# Configure settings for compiling to HTML and PDF
knitr::opts_chunk$set(
echo = TRUE, eval = TRUE, fig.width = 5, fig.asp = 0.618, out.width = "70%",
dpi = 120, fig.align = "center", cache = TRUE)
# Load required packages
suppressPackageStartupMessages(library(tidyverse))
suppressPackageStartupMessages(library(modelr))
suppressPackageStartupMessages(library(broom))
load(url("http://fall17.cds101.com/R/mariokart_cross_validation.RData"))
# Load datasets
mariokart <- read_rds(url("http://fall17.cds101.com/datasets/mariokart.rds"))
Get a blank working RMarkdown file:
download.file("http://fall17.cds101.com/documents/class27.txt",
destfile = "class27.Rmd")
View the first several entries of the Mario Kart dataset:
glimpse(mariokart, width = 80)
## Observations: 143
## Variables: 12
## $ ID <dbl> 150377422259, 260483376854, 320432342985, 280405224677, ...
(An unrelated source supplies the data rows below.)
(* Let $(G_1,\prec_1)$ and $(G_2,\prec_2)$ be POP-graphs such that the number of output edges of $G_1$ equals the number of input edges of $G_2$. Then $\prec_2\circ\prec_1$ is a planar order on $G_2\circ G_1$.
   Context: A progressive graph is a finite directed acyclic graph (parallel edges allowed) in which every source and every sink has degree one; degree-one vertices are boundary vertices. An input edge is an edge whose initial vertex is a boundary vertex; an output edge one whose terminal vertex is a boundary vertex. For edges write $e\to e'$ if $e\neq e'$ and there is a directed path whose first edge is $e$ and last edge is $e'$. A planar order on $G$ is a linear order $\prec$ on $E(G)$ such that (P1) $e_1\to e_2$ implies $e_1\prec e_2$; (P2) if $e_1\prec e_2\prec e_3$ and $e_1\to e_3$ then $e_1\to e_2$ or $e_2\to e_3$. A POP-graph is a progressive graph with a planar order. Composition: let $(G_1,\prec_1)$, $(G_2,\prec_2)$ be POP-graphs, $G_1$ with output edges $o_1\prec_1\cdots\prec_1 o_n$ and $G_2$ with input edges $i_1\prec_2\cdots\prec_2 i_n$. The progressive graph $G_2\circ G_1$ is obtained from $G_1\sqcup G_2$ by deleting the sinks of $G_1$, the sources of $G_2$ and the edges $o_k,i_k$, and adding for each $k$ a new edge $\overline{e_k}$ from the initial vertex of $o_k$ to the terminal vertex of $i_k$. Let $Q_1=\{e\in E(G_1): e\prec_1 o_1\}$, $Q_k=\{e: o_{k-1}\prec_1 e\prec_1 o_k\}$ ($2\le k\le n$), $P_k=\{e\in E(G_2): i_k\prec_2 e\prec_2 i_{k+1}\}$ ($1\le k\le n-1$), $P_n=\{e: i_n\prec_2 e\}$. The composition $\prec_2\circ\prec_1$ is the linear order on $E(G_2\circ G_1)$ listing $Q_1,\{\overline{e_1}\},P_1,Q_2,\{\overline{e_2}\},P_2,\dots,Q_n,\{\overline{e_n}\},P_n$ consecutively, each $Q_k$ ordered by $\prec_1$ and each $P_k$ by $\prec_2$. *)

theory Defs
  imports "Graph_Theory.Digraph"
begin

definition degree :: "('v,'e) pre_digraph \<Rightarrow> 'v \<Rightarrow> nat" where
  "degree G v = in_degree G v + out_degree G v"

definition is_source :: "('v,'e) pre_digraph \<Rightarrow> 'v \<Rightarrow> bool" where
  "is_source G v \<longleftrightarrow> v \<in> verts G \<and> in_degree G v = 0"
## $ duration <int> 3, 7, 3, 3, 1, 3, 1, 1, 3, 7, 1, 1, 1, 1, 7, 7, 3, 3, 1,...
## $ nBids <int> 20, 13, 16, 18, 20, 19, 13, 15, 29, 8, 15, 15, 13, 16, 6...
## $ cond <fctr> new, used, new, new, new, new, used, new, used, used, n...
## $ startPr <dbl> 0.99, 0.99, 0.99, 0.99, 0.01, 0.99, 0.01, 1.00, 0.99, 19...
## $ shipPr <dbl> 4.00, 3.99, 3.50, 0.00, 0.00, 4.00, 0.00, 2.99, 4.00, 4....
## $ totalPr <dbl> 51.55, 37.04, 45.50, 44.00, 71.00, 45.00, 37.02, 53.99, ...
## $ shipSp <fctr> standard, firstClass, firstClass, standard, media, stan...
## $ sellerRate <int> 1580, 365, 998, 7, 820, 270144, 7284, 4858, 27, 201, 485...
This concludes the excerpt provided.